Thursday, January 10, 2019

The Bounty Killer Movie Review


HK and Cult Film News
By Porfle
January 5, 2018

With big-budget, high-profile westerns coming out so few and far between these days--and even those seldom coming up to snuff--it's up to indy filmmakers to take up the slack and give us western fans some of that good old sagebrush entertainment.

The results aren't always stellar, but, as in the case of THE BOUNTY KILLER (Indican Pictures, 2018), they're often made with an enthusiasm for the genre that helps to smooth over any deficiencies.

It helps that this tale of a bounty killer hired to recover a woman kidnapped on her wedding day and held for ransom is visually splendid, shot in Spain on some terrific standing sets amidst great desert locations (seen in Sergio Leone's ONCE UPON A TIME IN THE WEST) and using drone cameras to give us plenty of sweeping aerial shots as well.
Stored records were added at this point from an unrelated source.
(* Let $n\ge 2$ and let $\mathbf{p}=(\mathbf{p}_1,\dots,\mathbf{p}_N)$ be any configuration of points in $\mathbb{E}^n$. Then, as $r\to\infty$, $$\mathrm{Vol}_n\Big[\bigcap_{i=1}^N B_n(\mathbf{p}_i,r)\Big]=\delta_n r^n - M_n[\mathrm{Conv}\{\mathbf{p}_1,\dots,\mathbf{p}_N\}]\,r^{n-1}+o(r^{n-1}),$$ where $\delta_n=\mathrm{Vol}_n[B_n(0,1)]$.
   Context: $B_n(\mathbf{x},r)$ is the closed ball of radius $r$ centered at $\mathbf{x}$; $\mathrm{Vol}_n$ is $n$-dimensional volume; $\mathrm{Conv}$ is convex hull. For a compact convex $K\subset\mathbb{E}^n$, $M_n[K]=\int_{S^{n-1}}\max\{\langle x,u\rangle: x\in K\}\,d\sigma(u)$, with $\sigma$ the Lebesgue surface measure on the unit sphere $S^{n-1}$. *)

theory Defs
  imports "HOL-Analysis.Analysis" "HOL-Library.Landau_Symbols"
begin

text \<open>Lebesgue surface measure on the unit sphere S^{n-1} of a Euclidean space,
  defined via the cone construction: sigma(A) = n * Vol_n {t u. u in A, 0 < t <= 1}.\<close>
definition sphere_measure :: "('a::euclidean_space) measure" where
  "sphere_measure =
     distr (scale_measure (of_nat DIM('a)) (restrict_space lborel (cball 0 1 - {0})))
           borel (\<lambda>x. x /\<^sub>R norm x)"

definition support_fun :: "('a::euclidean_space) set \<Rightarrow> 'a \<Rightarrow> real" where
  "support_fun K u = Sup ((\<lambda>x. x \<bullet> u) ` K)"

definition mean_support :: "('a::euclidean_space) set \<Rightarrow> real" where
  "mean_support K = integral\<^sup>L sphere_measure (support_fun K)"

end

theory Submission
  imports Defs
begin
lemma (in prob_space) distr_pair_eq_of_indep_generators:
  assumes F: "subalgebra M F"
    and X: "random_variable S X" and Y: "random_variable T Y"
    and indep: "indep_sets (\<lambda>i::nat. if i = 0 then {X -` A \<inter> space M | A. A \<in> sets S}
                  else if i = 1 then {Y -` A \<inter> space M | A. A \<in> sets T}
                  else sets F) {0, 1, 2}"
  shows "distr M F (\<lambda>x. x) \<Otimes>\<^sub>M distr M (S \<Otimes>\<^sub>M T) (\<lambda>x. (X x, Y x))
           = distr M (F \<Otimes>\<^sub>M (S \<Otimes>\<^sub>M T)) (\<lambda>x. (x, X x, Y x))"
    and "distr M S X \<Otimes>\<^sub>M distr M T Y = distr M (S \<Otimes>\<^sub>M T) (\<lambda>x. (X x, Y x))"
proof -
  define E where "E = (\<lambda>i::nat. if i = 0 then {X -` A \<inter> space M | A. A \<in> sets S}
                  else if i = 1 then {Y -` A \<inter> space M | A. A \<in> sets T}
                  else sets F)"
  have space_F: "space F = space M"
    using F by (simp add: subalgebra_def)
  have Int_stable: "Int_stable (E i)" for i
    using Int_stable_vimage_sets[of X "space M" S] Int_stable_vimage_sets[of Y "space M" T]
      sets.Int_stable[of F]
    by (simp add: E_def)
  note collect = indep_set_collect_sigma[OF indep[folded E_def] Int_stable]
  have F_gen: "sigma_sets (space M) {(\<lambda>x. x) -` A \<inter> space M |A. A \<in> sets F}
      \<subseteq> sigma_sets (space M) (E 2)"
    using sets.sets_into_space[of _ F] space_F
    by (intro sigma_sets_mono') (auto simp: E_def Int_absorb2)
  have XY_gen: "sigma_sets (space M) {(\<lambda>x. (X x, Y x)) -` A \<inter> space M |A. A \<in> sets (S \<Otimes>\<^sub>M T)}
      \<subseteq> sigma_sets (space M) (E 0 \<union> E 1)"
    using sigma_sets_vimage_Pair_subset[of X "space M" S Y T] X Y
    by (simp add: E_def measurable_def)
  have "indep_set (sigma_sets (space M) (E 2)) (sigma_sets (space M) (E 0 \<union> E 1))"
    using collect[of "{2}" "{0, 1}"] by simp
  then show "distr M F (\<lambda>x. x) \<Otimes>\<^sub>M distr M (S \<Otimes>\<^sub>M T) (\<lambda>x. (X x, Y x))
           = distr M (F \<Otimes>\<^sub>M (S \<Otimes>\<^sub>M T)) (\<lambda>x. (x, X x, Y x))"
    by (intro distr_pair_eq_pair_measure[OF measurable_id_subalgebra[OF F] measurable_Pair[OF X Y]]
        indep_set_mono[OF _ F_gen XY_gen])
  show "distr M S X \<Otimes>\<^sub>M distr M T Y = distr M (S \<Otimes>\<^sub>M T) (\<lambda>x. (X x, Y x))"
    using collect[of "{0}" "{1}"] by (intro distr_pair_eq_pair_measure[OF X Y]) (simp add: E_def)
qed
lemma pivot_back_substitution:
  fixes w :: "'i \<Rightarrow> 'e \<Rightarrow> 'a::field"
  assumes "finite S" "p \<in> S" "w p e0 \<noteq> 0"
    and reduced: "\<forall>e\<in>E. (\<Sum>q\<in>S - {p}. y' q * (w q e - w q e0 / w p e0 * w p e)) = 0"
  defines "y \<equiv> \<lambda>q. if q = p then - (\<Sum>q\<in>S - {p}. y' q * w q e0) / w p e0 else y' q"
  shows "\<forall>e\<in>insert e0 E. (\<Sum>q\<in>S. y q * w q e) = 0"
proof -
  define A where "A = (\<Sum>q\<in>S - {p}. y' q * w q e0)"
  have split: "(\<Sum>q\<in>S. y q * w q e) = - A / w p e0 * w p e + (\<Sum>q\<in>S - {p}. y' q * w q e)" for e
  proof -
    have "(\<Sum>q\<in>S - {p}. y q * w q e) = (\<Sum>q\<in>S - {p}. y' q * w q e)"
      by (intro sum.cong) (auto simp: y_def)
    then show ?thesis
      using assms(1,2) by (simp add: sum.remove y_def A_def)
  qed
  have "(\<Sum>q\<in>S - {p}. y' q * (w q e - w q e0 / w p e0 * w p e))
      = (\<Sum>q\<in>S - {p}. y' q * w q e) - A / w p e0 * w p e" for e
  proof -
    have "(\<Sum>q\<in>S - {p}. y' q * (w q e - w q e0 / w p e0 * w p e))
        = (\<Sum>q\<in>S - {p}. y' q * w q e - (y' q * w q e0) * (w p e / w p e0))"
      by (intro sum.cong) (auto simp: algebra_simps)
    then show ?thesis
      unfolding A_def by (simp add: sum_subtractf sum_distrib_right sum_divide_distrib)
  qed
  then show ?thesis
    using reduced split assms(3) by (simp add: A_def)
qed

lemma homogeneous_linear_system_nontrivial:
  fixes w :: "'i \<Rightarrow> 'e \<Rightarrow> 'a::field"
  assumes "finite E" "finite S" "card E < card S"
  shows "\<exists>y. (\<exists>q\<in>S. y q \<noteq> 0) \<and> (\<forall>e\<in>E. (\<Sum>q\<in>S. y q * w q e) = 0)"
  using assms
proof (induction E arbitrary: S w rule: finite_induct)
  case empty
  then obtain q where "q \<in> S"
    by (metis card.empty card_gt_0_iff ex_in_conv)
  then show ?case
    by (intro exI[of _ "\<lambda>_. 1"]) auto
next
  case (insert e0 E)
  show ?case
  proof (cases "\<forall>q\<in>S. w q e0 = 0")
    case True
    then show ?thesis
      using insert.IH[OF insert.prems(1), of w] insert.prems(2) insert.hyps by auto
  next
    case False
    then obtain p where p: "p \<in> S" "w p e0 \<noteq> 0" by auto
    have "card E < card (S - {p})"
      using insert.prems insert.hyps p(1) by simp
    then obtain y' where y': "\<exists>q\<in>S - {p}. y' q \<noteq> 0"
      "\<forall>e\<in>E. (\<Sum>q\<in>S - {p}. y' q * (w q e - w q e0 / w p e0 * w p e)) = 0"
      using insert.IH[of "S - {p}" "\<lambda>q e. w q e - w q e0 / w p e0 * w p e"] insert.prems(1) by auto
    show ?thesis
      using pivot_back_substitution[OF insert.prems(1) p y'(2)] y'(1)
      by (intro exI[of _ "\<lambda>q. if q = p then - (\<Sum>q\<in>S - {p}. y' q * w q e0) / w p e0 else y' q"]) auto
  qed
qed

lemma map_poly_add_hom:
  assumes "f 0 = 0" "\<And>x y. f (x + y) = f x + f y"
  shows "map_poly f (p + q) = map_poly f p + map_poly f q"
  by (intro poly_eqI) (simp add: coeff_map_poly assms)

lemma map_poly_mult_hom:
  fixes f :: "'a::comm_ring_1 \<Rightarrow> 'b::comm_ring_1"
  assumes "f 0 = 0" "\<And>x y. f (x + y) = f x + f y" "\<And>x y. f (x * y) = f x * f y"
  shows "map_poly f (p * q) = map_poly f p * map_poly f q"
proof (induction p rule: pCons_induct)
  case (pCons a p)
  have "map_poly f (pCons a p * q) = map_poly f (smult a q) + map_poly f (pCons 0 (p * q))"
    by (simp add: map_poly_add_hom[of f, OF assms(1,2)])
  also have "\<dots> = smult (f a) (map_poly f q) + pCons 0 (map_poly f p * map_poly f q)"
    using map_poly_smult[of f, OF assms(1) assms(3)] map_poly_pCons[of f, OF assms(1)] pCons.IH
    by (simp add: assms(1))
  also have "\<dots> = map_poly f (pCons a p) * map_poly f q"
    by (simp add: map_poly_pCons[of f, OF assms(1)])
  finally show ?case .
qed simp

lemma map_poly_prod_hom:
  fixes f :: "'a::comm_ring_1 \<Rightarrow> 'b::comm_ring_1"
  assumes "f 0 = 0" "\<And>x y. f (x + y) = f x + f y" "\<And>x y. f (x * y) = f x * f y" "f 1 = 1"
  shows "map_poly f (\<Prod>t\<in>T. h t) = (\<Prod>t\<in>T. map_poly f (h t))"
  by (induction T rule: infinite_finite_induct) (simp_all add: map_poly_mult_hom[of f, OF assms(1-3)] assms(4))

lemma sum_list_sum_commute: "(\<Sum>x\<leftarrow>xs. \<Sum>s\<in>S. F x s) = (\<Sum>s\<in>S. \<Sum>x\<leftarrow>xs. F x s)"
  by (induction xs) (auto simp: sum.distrib)

lemma klin_add: "klin k f \<Longrightarrow> f (x + y) = f x + f y"
  unfolding klin_def by blast

lemma klin_scale: "klin k f \<Longrightarrow> c \<in> k \<Longrightarrow> f (c * x) = c * f x"
  unfolding klin_def by blast

lemma klin_minus: "klin k f \<Longrightarrow> f (- x) = - f (x::'a::field)"
proof -
  assume f: "klin k f"
  have "f 0 + f 0 = f 0 + 0"
    using klin_add[OF f, of 0 0] by simp
  then have "f 0 = 0"
    by (rule add_left_imp_eq)
  then show ?thesis
    using klin_add[OF f, of x "- x"] by (simp add: add_eq_0_iff)
qed

lemma klin_diff: "klin k f \<Longrightarrow> f (x - y) = f x - f (y::'a::field)"
  using klin_add[of k f x "- y"] klin_minus[of k f y] by simp

lemma klin_mult_right: "klin k f \<Longrightarrow> klin k (\<lambda>x. f (x * P))"
  unfolding klin_def by (simp add: distrib_right mult.assoc)

lemma teq_trans: "teq k xs ys \<Longrightarrow> teq k ys zs \<Longrightarrow> teq k xs zs"
  unfolding teq_def by simp

lemma tensor_sum_tadd_tneg:
  "klin k f \<Longrightarrow> (\<Sum>(a, b)\<leftarrow>tadd xs (tneg ys). f a * g b) = (\<Sum>(a, b)\<leftarrow>xs. f a * g b) - (\<Sum>(a, b)\<leftarrow>ys. f a * g b)"
  unfolding tadd_def tneg_def by (induction ys) (auto simp: klin_minus)

lemma teq_residue_expand:
  assumes "c \<in> k" "c' \<in> k"
  shows "teq k (tadd [(A * e, B * e')] (tneg [(c * c' * A, B)]))
    [(A * (e - c), B * e'), (c * A, B * (e' - c'))]"
  unfolding teq_def
proof (intro allI impI)
  fix f g :: "'a::field \<Rightarrow> 'a" assume f: "klin k f" and g: "klin k g"
  have "A * (e - c) = A * e - c * A" "B * (e' - c') = B * e' - c' * B"
    by (simp_all add: algebra_simps)
  then have F: "f (c * A) = c * f A"
    "f (A * (e - c)) = f (A * e) - c * f A" "g (B * (e' - c')) = g (B * e') - c' * g B"
    using assms by (simp_all add: klin_scale[OF f] klin_scale[OF g] klin_diff[OF f] klin_diff[OF g])
  have F': "f (c * c' * A) = c * c' * f A"
    using klin_scale[OF f assms(1), of "c' * A"] klin_scale[OF f assms(2), of A] by (simp add: mult.assoc)
  have "(\<Sum>(a, b)\<leftarrow>tadd [(A * e, B * e')] (tneg [(c * c' * A, B)]). f a * g b)
      = f (A * e) * g (B * e') - f (c * c' * A) * g B"
    by (simp add: tensor_sum_tadd_tneg[OF f])
  also have "\<dots> = f (A * (e - c)) * g (B * e') + f (c * A) * g (B * (e' - c'))"
    unfolding F F' by (simp add: algebra_simps)
  finally show "(\<Sum>(a, b)\<leftarrow>tadd [(A * e, B * e')] (tneg [(c * c' * A, B)]). f a * g b)
      = (\<Sum>(a, b)\<leftarrow>[(A * (e - c), B * e'), (c * A, B * (e' - c'))]. f a * g b)"
    by simp
qed

definition X_generators :: "('a::field \<Rightarrow> int) \<Rightarrow> int \<Rightarrow> ('a \<times> 'a) list \<Rightarrow> bool" where
  "X_generators v i ys \<longleftrightarrow> (\<forall>(a, b)\<in>set ys. \<exists>j. a \<in> mpow v j \<and> b \<in> mpow v (i - j))"

lemma X_generators_Nil [simp]: "X_generators v i []"
  by (simp add: X_generators_def)

lemma X_generators_Cons [simp]:
  "X_generators v i ((a, b) # ys) \<longleftrightarrow> (\<exists>j. a \<in> mpow v j \<and> b \<in> mpow v (i - j)) \<and> X_generators v i ys"
  by (simp add: X_generators_def)

lemma Xmem_iff: "Xmem k v i xs \<longleftrightarrow> (\<exists>ys. teq k xs ys \<and> X_generators v i ys)"
  by (simp add: Xmem_def X_generators_def)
Crispian Belfrage (WEST OF THUNDER) plays the bounty killer with no name, riding into a web of political corruption that includes the town's mayor and low-life sheriff, plus all their various trigger-happy toadies, in a scheme to line their pockets with ill-gotten cash.

Belfrage's anti-hero, who's addicted to smoking opium and guzzling laudenum to forget his Civil War traumas, is somewhat of a cypher--we're never really sure how emotionally or morally invested he is in his mission, sometimes showing signs of empathy but also appearing steely and coldblooded as well.

The mayor's henchmen, the town's lawless lawmen, and the actual kidnappers, led by the repellent Cavendish (Ethan McDowell), are all of the type whose brains are way less developed than their gun hands.


Only their superior numbers and misuse of authority give them an advantage over Bounty Killer, who, it turns out, tends to be a bit careless himself at times (making him more human than the usual Leone superman).
                  
When they have the occasional shootout, as in the two main set pieces that conclude the film, it's a messy affair devoid of sharpshooting or fancy maneuvers--just a lot of bullets, blood, and death.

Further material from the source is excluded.